Benutzername,Kennwort und Rechnername habe ich verändert, muss man ja nicht online stellen  :Wink: 

mount --verbose -t cifs //PC/distfiles /usr/portage/distfiles -o user=*****,pass=********

mount.cifs kernel mount options: ip=192.168.1.116,unc=\\PC\distfiles,user=*****,pass=********

mount error(22): Invalid argument

Refer to the mount.cifs( :Cool:  manual page (e.g. man mount.cifs)

aus /var/log/messages:

Feb 20 15:24:26 gentoox64 kernel: CIFS VFS: cifs_mount failed w/return code = -22

Ich habe ebenfalls auch mal die cifs-utils aktualisiert auf 5.8-r1 ebenfalls keine Änderung.

Die .config habe mehrfach überprüft, keine Unterschiede bei cifs gefunden  :Sad: 

Google findet diverses zu dieser Meldung, aber nichts brauchbares...

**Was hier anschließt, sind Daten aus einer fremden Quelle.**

lemma nn_integral_tail_kernel_le:
  fixes x :: "'a::euclidean_space"
  assumes r: "r > 0" and q: "q > 0"
  shows "(\<integral>\<^sup>+y. tail_kernel r (real DIM('a) + q) x y \<partial>lebesgue) \<le> ennreal (tail_const DIM('a) q r)"
proof -
  let ?A = "\<lambda>k::nat. {y. r * 2^k \<le> dist x y \<and> dist x y < r * 2^Suc k}"
  let ?g = "\<lambda>y. ennreal (1 / dist x y powr (real DIM('a) + q))"
  define c where "c = unit_ball_vol DIM('a) * 2^DIM('a) * r powr (-q)"
  define t where "t = (2::real) powr (-q)"
  have t: "0 \<le> t" "t < 1" using q by (auto simp: t_def intro!: powr_less_one)
  have "indicator {y. r \<le> dist x y} y = (\<Sum>k. indicator (?A k) y :: ennreal)" for y
    using suminf_indicator[OF disjoint_family_dyadic_annuli[OF r, of x]] UN_dyadic_annuli[OF r, of x]
    by simp
  then have "(\<integral>\<^sup>+y. tail_kernel r (real DIM('a) + q) x y \<partial>lebesgue)
      = (\<integral>\<^sup>+y. (\<Sum>k. indicator (?A k) y * ?g y) \<partial>lebesgue)"
    by (simp add: tail_kernel_def ennreal_suminf_multc)
  also have "\<dots> = (\<Sum>k. \<integral>\<^sup>+y. indicator (?A k) y * ?g y \<partial>lebesgue)"
    by (rule nn_integral_suminf) measurable
  also have "\<dots> \<le> (\<Sum>k. ennreal (c * t^k))"
    using nn_integral_dyadic_annulus_le[OF r q] by (intro suminf_le) (auto simp: c_def t_def)
  also have "\<dots> = ennreal (c / (1 - t))"
  proof (rule suminf_ennreal_eq)
    show "0 \<le> c * t^k" for k using t by (simp add: c_def)
    show "(\<lambda>k. c * t^k) sums (c / (1 - t))"
      using sums_mult[OF geometric_sums[of t], of c] t by (simp add: field_simps)
  qed
  finally show ?thesis by (simp add: tail_const_def c_def t_def)
qed

section \<open>The truncated seminorm\<close>

lemma nl_ext_eq_UN_ball: "\<delta> > 0 \<Longrightarrow> nl_ext \<delta> \<Omega> = (\<Union>x\<in>\<Omega>. ball x \<delta>)"
  unfolding nl_ext_def nl_collar_def by (auto simp: mem_ball)

lemma open_nl_ext: "\<delta> > 0 \<Longrightarrow> open (nl_ext \<delta> \<Omega>)"
  by (simp add: nl_ext_eq_UN_ball open_UN)

lemma sets_lebesgue_nl_ext [measurable]:
  assumes "\<delta> > 0"
  shows "nl_ext \<delta> (\<Omega> :: 'a::euclidean_space set) \<in> sets lebesgue"
  using open_nl_ext[OF assms, of \<Omega>] by simp

lemma nl_ext_memI: "x \<in> \<Omega> \<Longrightarrow> dist x y < \<delta> \<Longrightarrow> y \<in> nl_ext \<delta> \<Omega>"
  unfolding nl_ext_def nl_collar_def by auto

lemma subset_nl_ext: "\<Omega> \<subseteq> nl_ext \<delta> \<Omega>"
  by (auto simp: nl_ext_def)

definition delta_integrand :: "real \<Rightarrow> real \<Rightarrow> real \<Rightarrow> 'a::euclidean_space set \<Rightarrow> ('a \<Rightarrow> real) \<Rightarrow> 'a \<Rightarrow> 'a \<Rightarrow> ennreal"
  where "delta_integrand \<delta> s p \<Omega> v x y =
    (if x \<in> nl_ext \<delta> \<Omega> \<and> y \<in> nl_ext \<delta> \<Omega> \<and> dist x y < \<delta>
     then ennreal (\<bar>v x - v y\<bar> powr p / dist x y powr (real DIM('a) + s * p)) else 0)"

lemma measurable_delta_integrand [measurable]:
  assumes "v \<in> borel_measurable lebesgue" "\<delta> > 0"
  shows "(\<lambda>(x, y). delta_integrand \<delta> s p \<Omega> v x y) \<in> borel_measurable (lebesgue \<Otimes>\<^sub>M lebesgue)"
  using assms unfolding delta_integrand_def by measurable

lemma seminorm_delta_p_eq_integrand:
  "seminorm_delta_p \<delta> s p \<Omega> v = (\<integral>\<^sup>+x. (\<integral>\<^sup>+y. delta_integrand \<delta> s p \<Omega> v x y \<partial>lebesgue) \<partial>lebesgue)"
  unfolding seminorm_delta_p_def delta_integrand_def
  by (intro nn_integral_cong) (auto simp: nn_integral_multc indicator_def mem_ball intro!: nn_integral_cong)

lemma seminorm_delta_p_le_full_p: "seminorm_delta_p \<delta> s p \<Omega> v \<le> seminorm_full_p s p v"
  unfolding seminorm_delta_p_eq_integrand seminorm_full_p_def delta_integrand_def
  by (intro nn_integral_mono) auto

lemma seminorm_delta_p_cong:
  "(\<And>x. x \<in> nl_ext \<delta> \<Omega> \<Longrightarrow> u x = w x) \<Longrightarrow> seminorm_delta_p \<delta> s p \<Omega> u = seminorm_delta_p \<delta> s p \<Omega> w"
  unfolding seminorm_delta_p_eq_integrand delta_integrand_def by (intro nn_integral_cong) auto

lemma nonlocal_integrand_split:
  fixes v :: "'a::euclidean_space \<Rightarrow> real" and s p :: real
  assumes vx: "x \<notin> \<Omega> \<longrightarrow> v x = 0" and vy: "y \<notin> \<Omega> \<longrightarrow> v y = 0" and p: "p > 0"
  defines "\<alpha> \<equiv> real DIM('a) + s * p"
  shows "ennreal (\<bar>v x - v y\<bar> powr p / dist x y powr \<alpha>)
    \<le> delta_integrand \<delta> s p \<Omega> v x y + ennreal (2 powr p) * (ennreal (\<bar>v x\<bar> powr p) * tail_kernel \<delta> \<alpha> x y)
      + ennreal (2 powr p) * (ennreal (\<bar>v y\<bar> powr p) * tail_kernel \<delta> \<alpha> x y)"
proof (cases "dist x y < \<delta>")
  case True
  have "x \<in> nl_ext \<delta> \<Omega> \<and> y \<in> nl_ext \<delta> \<Omega> \<or> v x = 0 \<and> v y = 0"
    using True vx vy nl_ext_memI[of x \<Omega> y \<delta>] nl_ext_memI[of y \<Omega> x \<delta>]
    by (auto simp: nl_ext_def dist_commute)
  then show ?thesis
    using True p by (auto simp: delta_integrand_def \<alpha>_def)
next
  case False
  have "\<bar>v x - v y\<bar> powr p \<le> 2 powr p * \<bar>v x\<bar> powr p + 2 powr p * \<bar>v y\<bar> powr p"
    using powr_abs_add_le[OF p, of "v x" "- v y"] by (simp add: distrib_left)
  then have "\<bar>v x - v y\<bar> powr p / dist x y powr \<alpha>
      \<le> 2 powr p * (\<bar>v x\<bar> powr p * (1 / dist x y powr \<alpha>)) + 2 powr p * (\<bar>v y\<bar> powr p * (1 / dist x y powr \<alpha>))"
    by (simp add: divide_right_mono flip: add_divide_distrib)
  then have "ennreal (\<bar>v x - v y\<bar> powr p / dist x y powr \<alpha>)
      \<le> ennreal (2 powr p) * (ennreal (\<bar>v x\<bar> powr p) * ennreal (1 / dist x y powr \<alpha>))
        + ennreal (2 powr p) * (ennreal (\<bar>v y\<bar> powr p) * ennreal (1 / dist x y powr \<alpha>))"
    by (simp add: ennreal_mult[symmetric] ennreal_plus[symmetric] ennreal_leI del: ennreal_plus)
  then show ?thesis
    using False by (simp add: delta_integrand_def tail_kernel_def)
qed

lemma seminorm_full_p_le:
  fixes v :: "'a::euclidean_space \<Rightarrow> real"
  assumes [measurable]: "v \<in> borel_measurable lebesgue"
    and v0: "AE x in lebesgue. x \<notin> \<Omega> \<longrightarrow> v x = 0"
    and \<delta>: "\<delta> > 0" and p: "p > 0" and sp: "s * p > 0"
  shows "seminorm_full_p s p v \<le> seminorm_delta_p \<delta> s p \<Omega> v
           + ennreal (2 * 2 powr p * tail_const DIM('a) (s * p) \<delta>) * (\<integral>\<^sup>+x\<in>\<Omega>. ennreal (\<bar>v x\<bar> powr p) \<partial>lebesgue)"
proof -
  define \<alpha> where "\<alpha> = real DIM('a) + s * p"
  define M where "M = ennreal (2 powr p)"
  define u where "u x = ennreal (\<bar>v x\<bar> powr p)" for x
  define K where "K = (tail_kernel \<delta> \<alpha> :: 'a \<Rightarrow> 'a \<Rightarrow> ennreal)"
  have [measurable]: "u \<in> borel_measurable lebesgue" "(\<lambda>(x, y). K x y) \<in> borel_measurable (lebesgue \<Otimes>\<^sub>M lebesgue)"
    unfolding u_def K_def by measurable
  have "AE x in lebesgue. (\<integral>\<^sup>+y. ennreal (\<bar>v x - v y\<bar> powr p / dist x y powr \<alpha>) \<partial>lebesgue)
      \<le> (\<integral>\<^sup>+y. delta_integrand \<delta> s p \<Omega> v x y + M * (u x * K x y) + M * (u y * K x y) \<partial>lebesgue)"
    using v0
  proof eventually_elim
    case (elim x)
    show ?case
      using v0 unfolding M_def u_def K_def \<alpha>_def
      by (intro nn_integral_mono_AE) (auto elim!: eventually_mono intro!: nonlocal_integrand_split elim p)
  qed
  then have "seminorm_full_p s p v
      \<le> (\<integral>\<^sup>+x. (\<integral>\<^sup>+y. delta_integrand \<delta> s p \<Omega> v x y + M * (u x * K x y) + M * (u y * K x y) \<partial>lebesgue) \<partial>lebesgue)"
    unfolding seminorm_full_p_def \<alpha>_def[symmetric] by (rule nn_integral_mono_AE)
  also have "\<dots> = seminorm_delta_p \<delta> s p \<Omega> v + 2 * M * (\<integral>\<^sup>+x. u x * (\<integral>\<^sup>+y. K x y \<partial>lebesgue) \<partial>lebesgue)"
  proof -
    have "(\<integral>\<^sup>+x. (\<integral>\<^sup>+y. u y * K x y \<partial>lebesgue) \<partial>lebesgue) = (\<integral>\<^sup>+y. (\<integral>\<^sup>+x. u y * K x y \<partial>lebesgue) \<partial>lebesgue)"
      by (rule lebesgue_pair.Fubini'[symmetric]) measurable
    also have "\<dots> = (\<integral>\<^sup>+x. u x * (\<integral>\<^sup>+y. K x y \<partial>lebesgue) \<partial>lebesgue)"
      by (simp add: K_def tail_kernel_commute nn_integral_cmult)
    finally show ?thesis
      using \<delta> by (simp add: nn_integral_add nn_integral_cmult seminorm_delta_p_eq_integrand mult_2 distrib_right)
  qed
  also have "\<dots> \<le> seminorm_delta_p \<delta> s p \<Omega> v + 2 * M * (\<integral>\<^sup>+x. u x * ennreal (tail_const DIM('a) (s * p) \<delta>) \<partial>lebesgue)"
    unfolding K_def \<alpha>_def
    by (intro add_left_mono mult_left_mono nn_integral_mono nn_integral_tail_kernel_le \<delta> sp) simp_all
  also have "(\<integral>\<^sup>+x. u x * ennreal (tail_const DIM('a) (s * p) \<delta>) \<partial>lebesgue)
      = ennreal (tail_const DIM('a) (s * p) \<delta>) * (\<integral>\<^sup>+x\<in>\<Omega>. ennreal (\<bar>v x\<bar> powr p) \<partial>lebesgue)"
  proof -
    have "(\<integral>\<^sup>+x. u x \<partial>lebesgue) = (\<integral>\<^sup>+x\<in>\<Omega>. ennreal (\<bar>v x\<bar> powr p) \<partial>lebesgue)"
      using v0 p by (intro nn_integral_cong_AE) (auto simp: u_def indicator_def elim!: eventually_mono)
    then show ?thesis
      by (simp add: nn_integral_multc mult.commute)
  qed
  finally show ?thesis
    using tail_const_nonneg[OF sp] by (simp add: M_def ennreal_mult mult.assoc)
qed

Wobei ich eine solche sh*t Fehlermeldung unter Linux nicht erwarten würde.

Hat jemand eine Idee was ich noch machen könnte?

Danke,

Frank

emerge --info

Portage 2.1.11.52 (default/linux/amd64/13.0/desktop/kde, gcc-4.6.3, glibc-2.15-r3, 3.7.8-gentoo x86_64)

=================================================================

System uname: Linux-3.7.8-gentoo-x86_64-Intel-R-_Core-TM-_i7-2630QM_CPU_@_2.00GHz-with-gentoo-2.1

KiB Mem:     8183484 total,   7375224 free

KiB Swap:          0 total,         0 free

Timestamp of tree: Wed, 20 Feb 2013 14:00:01 +0000

ld GNU ld (GNU Binutils) 2.22

app-shells/bash:          4.2_p37

dev-java/java-config:     2.1.12-r1

dev-lang/python:          2.7.3-r2, 3.2.3

dev-util/cmake:           2.8.9

dev-util/pkgconfig:       0.28

sys-apps/baselayout:      2.1-r1

sys-apps/openrc:          0.11.8

sys-apps/sandbox:         2.5

sys-devel/autoconf:       2.13, 2.69

sys-devel/automake:       1.9.6-r3, 1.11.6

sys-devel/binutils:       2.22-r1

sys-devel/gcc:            4.6.3

sys-devel/gcc-config:     1.7.3

sys-devel/libtool:        2.4-r1

sys-devel/make:           3.82-r4

sys-kernel/linux-headers: 3.7 (virtual/os-headers)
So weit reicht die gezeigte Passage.